Stock for sporting goods retailers plunged on Friday as quarterly results that were poor posted by Foot Locker and Hibbett increased concerns by investors about a glut in supply that could intensify price wars across the industry.

The most recent results followed those of Dick’s Sporting Goods a larger rival, which warned earlier in the week that gross margins might be pressured.

Foot Locker shares were down over 26%, while Hibbett Sports dropped by 18.2%, Finnish Line 12.5%, Dicks another 3.2% and Big 5 over 3.2%.

Results weighed on stock of suppliers such as Nike Inc., Under Armour and Adidas. Nike was off 3.8% and fell the most on the Dow.

Athletic footwear and apparel is being over-distributed and a glut of inventory is causing problems, said one industry analyst.

He added that he sees retrenchment for several years as overall supply is lowered to meet a new, lower level of consumer demand.

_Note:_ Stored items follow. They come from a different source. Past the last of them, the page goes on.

lemma rel_separated_dist_ge:
  assumes "rel_separated \<epsilon> as I" "i \<in> I" "k \<in> I" "as k \<noteq> 0"
    and "cmod (t - as k) = \<epsilon> * cmod (as k)"
  shows "\<epsilon> * cmod (as k) \<le> cmod (t - as i)"
proof (cases "as i = as k")
  case False
  then have "2 * \<epsilon> * cmod (as k) \<le> cmod (as i - as k)"
    using assms unfolding rel_separated_def by blast
  moreover have "cmod (as i - as k) \<le> cmod (t - as i) + cmod (t - as k)"
    using norm_triangle_ineq4[of "t - as k" "t - as i"] by (simp add: norm_minus_commute)
  ultimately show ?thesis
    using assms(5) by linarith
qed (use assms in simp)

lemma rel_separated_eq_if_close:
  assumes "rel_separated \<epsilon> as I" "i \<in> I" "k \<in> I" "as k \<noteq> 0" "\<epsilon> > 0"
    and "cmod (as i - as k) \<le> \<epsilon> * cmod (as k)"
  shows "as i = as k"
proof (rule ccontr)
  assume "as i \<noteq> as k"
  then have "2 * \<epsilon> * cmod (as k) \<le> cmod (as i - as k)"
    using assms unfolding rel_separated_def by blast
  moreover have "\<epsilon> * cmod (as k) > 0"
    using assms by simp
  ultimately show False
    using assms(6) by linarith
qed

lemma roots_g_at_in_disc:
  assumes "a0 \<noteq> 0" "b \<noteq> 0" "\<xi> \<noteq> 0" "poly (g_at a0 as n q m b) \<xi> = 0"
    and "\<epsilon> > 0" "rel_separated \<epsilon> as {1..n}"
  shows "{z. poly (g_at a0 as n q m b) z = 0 \<and> cmod (z - \<xi>) \<le> \<epsilon> * cmod \<xi>} = {\<xi>}"
proof (intro equalityI subsetI)
  obtain k where k: "k \<in> {1..n}" "b powi q * \<xi> = as k"
    using assms(4) poly_g_at_eq_0_iff[OF assms(1,2)] by blast
  fix z assume "z \<in> {z. poly (g_at a0 as n q m b) z = 0 \<and> cmod (z - \<xi>) \<le> \<epsilon> * cmod \<xi>}"
  then obtain i where i: "i \<in> {1..n}" "b powi q * z = as i" and close: "cmod (z - \<xi>) \<le> \<epsilon> * cmod \<xi>"
    using poly_g_at_eq_0_iff[OF assms(1,2)] by blast
  have "cmod (as i - as k) = cmod (b powi q) * cmod (z - \<xi>)"
    by (simp flip: i(2) k(2) norm_mult add: algebra_simps)
  also have "\<dots> \<le> \<epsilon> * cmod (as k)"
    using mult_left_mono[OF close norm_ge_zero[of "b powi q"]]
    by (simp flip: k(2) add: norm_mult mult_ac)
  moreover have "as k \<noteq> 0"
    using k(2) assms(2,3) by (auto simp flip: k(2))
  ultimately have "as i = as k"
    using rel_separated_eq_if_close[OF assms(6) i(1) k(1)] assms(5) by simp
  then have "b powi q * z = b powi q * \<xi>"
    using i(2) k(2) by simp
  then show "z \<in> {\<xi>}"
    using assms(2) by simp
qed (use assms in simp)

Dropping demand in shoes for basketball, a steep fall in spending for sneakers, added to a pessimistic outlook for this year’s back to school season fueled concerns of investors over the path ahead for the industry.

Traffic at apparel and footwear stores over the last three months dropped, with the biggest decline in July of 4.6%, according to analyst’s reports. Traffic is 4.1% down for the year through July, showed reports.

Richard Johnson the CEO of Foot Locker, one of the largest U.S. sportswear chains blamed the lack of any new innovative products across the market and said he expected that this trend would continue to the end of 2017.

Retailers of sportswear typically hold exclusive rights with suppliers like Adidas and Nike to showcase the latest products that are limited edition usually helping to attract in shoppers that are younger.

In addition, Amazon the online e-commerce retailer is looming over the entire industry as it pushes into new areas.

One analyst described it this way: Why would a customer drive 30 to 45 minutes in traffic to a store when they can remain at home and purchase online from Amazon, especially if it includes free shipping.

Clearing inventory has also become a big problem for the industry after a run of bankruptcies including Gander Mountain, Performance Sports and Sports Authority.

One Wall Street analysts said his office predicts it will be a number of years of problems for companies competing in this arena.